Пленник метнул на него взгляд и тут же обмакнул перо в чернила. Пальцы юноши тряслись: перо то и дело выпадало из рук. На лбу выступали капли пота, дыхание было хриплым и неровным. Юноша так сильно волновался? Или сказывался разбитый затылок? Несколько строчек Ибрагим выводил так долго, что за это время Хасинто написал бы десяток посланий. К заложнику точно нужно отправить лекаря. На всякий случай. Не забыть бы сказать об этом сеньору…
Наконец мавр отложил перо, а Хасинто забрал послание. Прочесть не смог, а жаль. Вот бы выучить язык врагов, понимать их чудные завитушки. Это пригодится. Можно попросить ибн Якуба, чтобы с ним позанимался. Лекарь скучает по родной речи, а потому вряд ли откажет. Но спрашивать просто так неудобно. Да и вообще: об учебе лучше подумать потом, а сейчас главное, что все удалось — де Лара получит то, что хотел.
Получит, благодаря своему эскудеро!
Дон Иньиго стоял, прислонившись к стене, и смотрел в пол. Когда Хасинто вышел, он вскинул голову.
— Я уж думал за тобой идти.
— Вот, — Хасинто протянул пергамент.
— Замечательно. — Сеньор с улыбкой забрал свиток, но вдруг нахмурился. — У тебя щека опухла. Только не говори, что это я тебя…
Непроизвольно Хасинто потянулся к щеке, но Иньиго Рамирес перехватил его руку и опустил.

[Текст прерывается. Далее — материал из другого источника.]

theorem proposition1:
  fixes M :: "'a measure"
    and X :: "real^'p^'n"
    and \<beta>0 :: "real^'p"
    and \<epsilon> :: "'a \<Rightarrow> real^'n"
    and \<sigma> lam :: real
  assumes "prob_space M"
    and meas: "\<And>i. (\<lambda>\<omega>. \<epsilon> \<omega> $ i) \<in> borel_measurable M"
    and indep: "prob_space.indep_vars M (\<lambda>_. borel) (\<lambda>i \<omega>. \<epsilon> \<omega> $ i) UNIV"
    and ident: "\<And>i j. distr M borel (\<lambda>\<omega>. \<epsilon> \<omega> $ i) = distr M borel (\<lambda>\<omega>. \<epsilon> \<omega> $ j)"
    and sq_int: "\<And>i. integrable M (\<lambda>\<omega>. (\<epsilon> \<omega> $ i)\<^sup>2)"
    and mean0: "\<And>i. (\<integral>\<omega>. \<epsilon> \<omega> $ i \<partial>M) = 0"
    and var: "\<And>i. (\<integral>\<omega>. (\<epsilon> \<omega> $ i - (\<integral>\<omega>'. \<epsilon> \<omega>' $ i \<partial>M))\<^sup>2 \<partial>M) = \<sigma>\<^sup>2"
    and "lam > 0"
    and "Omega_min X lam > 0"
  defines "Y \<equiv> (\<lambda>\<omega>. X *v \<beta>0 + \<epsilon> \<omega>)"
  defines "\<beta>hat \<equiv> (\<lambda>\<omega>. ridge X lam (Y \<omega>))"
  shows "Max (range (\<lambda>j. \<bar>(\<integral>\<omega>. \<beta>hat \<omega> $ j \<partial>M) - theta0 X \<beta>0 $ j\<bar>))
           \<le> lam * norm (theta0 X \<beta>0) * inverse (lambda_min_nz (Sigma_hat X))
         \<and> Min (range (\<lambda>j. (\<integral>\<omega>. (\<beta>hat \<omega> $ j - (\<integral>\<omega>'. \<beta>hat \<omega>' $ j \<partial>M))\<^sup>2 \<partial>M)))
           \<ge> \<sigma>\<^sup>2 * Omega_min X lam / real CARD('n)"
proof -
  interpret prob_space M by fact
  have int: "integrable M (\<lambda>\<omega>. \<epsilon> \<omega> $ i)" for i
    by (rule square_integrable_imp_integrable[OF meas sq_int])
  have \<beta>hat_eq: "\<beta>hat = (\<lambda>\<omega>. ridge_matrix X lam *v (X *v \<beta>0 + \<epsilon> \<omega>))"
    by (simp add: \<beta>hat_def Y_def ridge_eq_ridge_matrix)
  have "(\<integral>\<omega>. \<beta>hat \<omega> $ j \<partial>M) = (ridge_matrix X lam *v (X *v \<beta>0)) $ j" for j
    unfolding \<beta>hat_eq by (rule integral_matrix_vector_mult_noise[OF int mean0])
  then have bias: "\<bar>(\<integral>\<omega>. \<beta>hat \<omega> $ j \<partial>M) - theta0 X \<beta>0 $ j\<bar>
      \<le> lam * norm (theta0 X \<beta>0) * inverse (lambda_min_nz (Sigma_hat X))" for j
    using ridge_bias_le[OF \<open>lam > 0\<close>] by simp
  have "(\<integral>\<omega>. (\<beta>hat \<omega> $ j - (\<integral>\<omega>'. \<beta>hat \<omega>' $ j \<partial>M))\<^sup>2 \<partial>M)
      = \<sigma>\<^sup>2 * (ridge_matrix X lam ** transpose (ridge_matrix X lam)) $ j $ j" for j
    unfolding \<beta>hat_eq
    by (rule variance_matrix_vector_mult_noise[OF int mean0 indep sq_int]) (use var mean0 in simp)
  then have variance: "(\<integral>\<omega>. (\<beta>hat \<omega> $ j - (\<integral>\<omega>'. \<beta>hat \<omega>' $ j \<partial>M))\<^sup>2 \<partial>M)
      = \<sigma>\<^sup>2 * Omega X lam $ j $ j / real CARD('n)" for j
    by (simp add: ridge_matrix_mult_transpose[OF \<open>lam > 0\<close>])
  have "Omega_min X lam \<le> Omega X lam $ j $ j" for j
    unfolding Omega_min_def by (rule Min_le) auto
  then have "\<sigma>\<^sup>2 * Omega_min X lam / real CARD('n) \<le> \<sigma>\<^sup>2 * Omega X lam $ j $ j / real CARD('n)" for j
    by (simp add: divide_right_mono mult_left_mono)
  then show ?thesis
    using bias variance by (simp add: Max_le_iff Min_ge_iff)
qed

end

— Ты что, подрался с этим… с Ибрагимом?
— Немного.
— Надеюсь, ты победил?
Ну что за вопрос?!
— Конечно! А вы как думаете? — Хасинто кивнул на свиток. — Письмо же у вас.
— И то верно… Он написал на своем наречии или нашем?
— На своем.
— Тогда отыщи ибн Якуба. Жду тебя и его здесь.
…Приветствую тебя, возлюбленный отец мой, да будет доволен тобою Аллах. Прости своего сына Ибрагима, принесшего огорчение. Я заслуживаю порицания, ибо пленили меня франки, да проклянет… — ибн Якуб осекся, но все-таки продолжил: — Да проклянет их Аллах. Отпускать меня они не желают, забирают на нечистые земли. Видит Всевышний, я старался избежать позора, но все в воле Его. Молюсь о твоем здравии, а также о здравии моей матушки, моих братьев и сестер.
Лекарь умолк. Молчал и де Лара, в задумчивости покусывая губу. Наверное, был недоволен, что Ибрагим не написал, почему стал заложником.
— Сеньор, пленник отказался признать ложь отца. Вообще отказывался писать. Мне пришлось… я позволил ему сказать то, что сам хочет. Иначе…
Дон Иньиго прервал Хасинто взмахом руки.
— Я ни в чем тебя не виню. Наоборот: ты молодец.
— А мне показалось, что вы недовольны…
— Показалось. — Де Лара перевел взгляд на мавра и сказал: — Благодарю. Ты можешь идти.
Врачеватель попятился к выходу, и тут Хасинто вспомнил!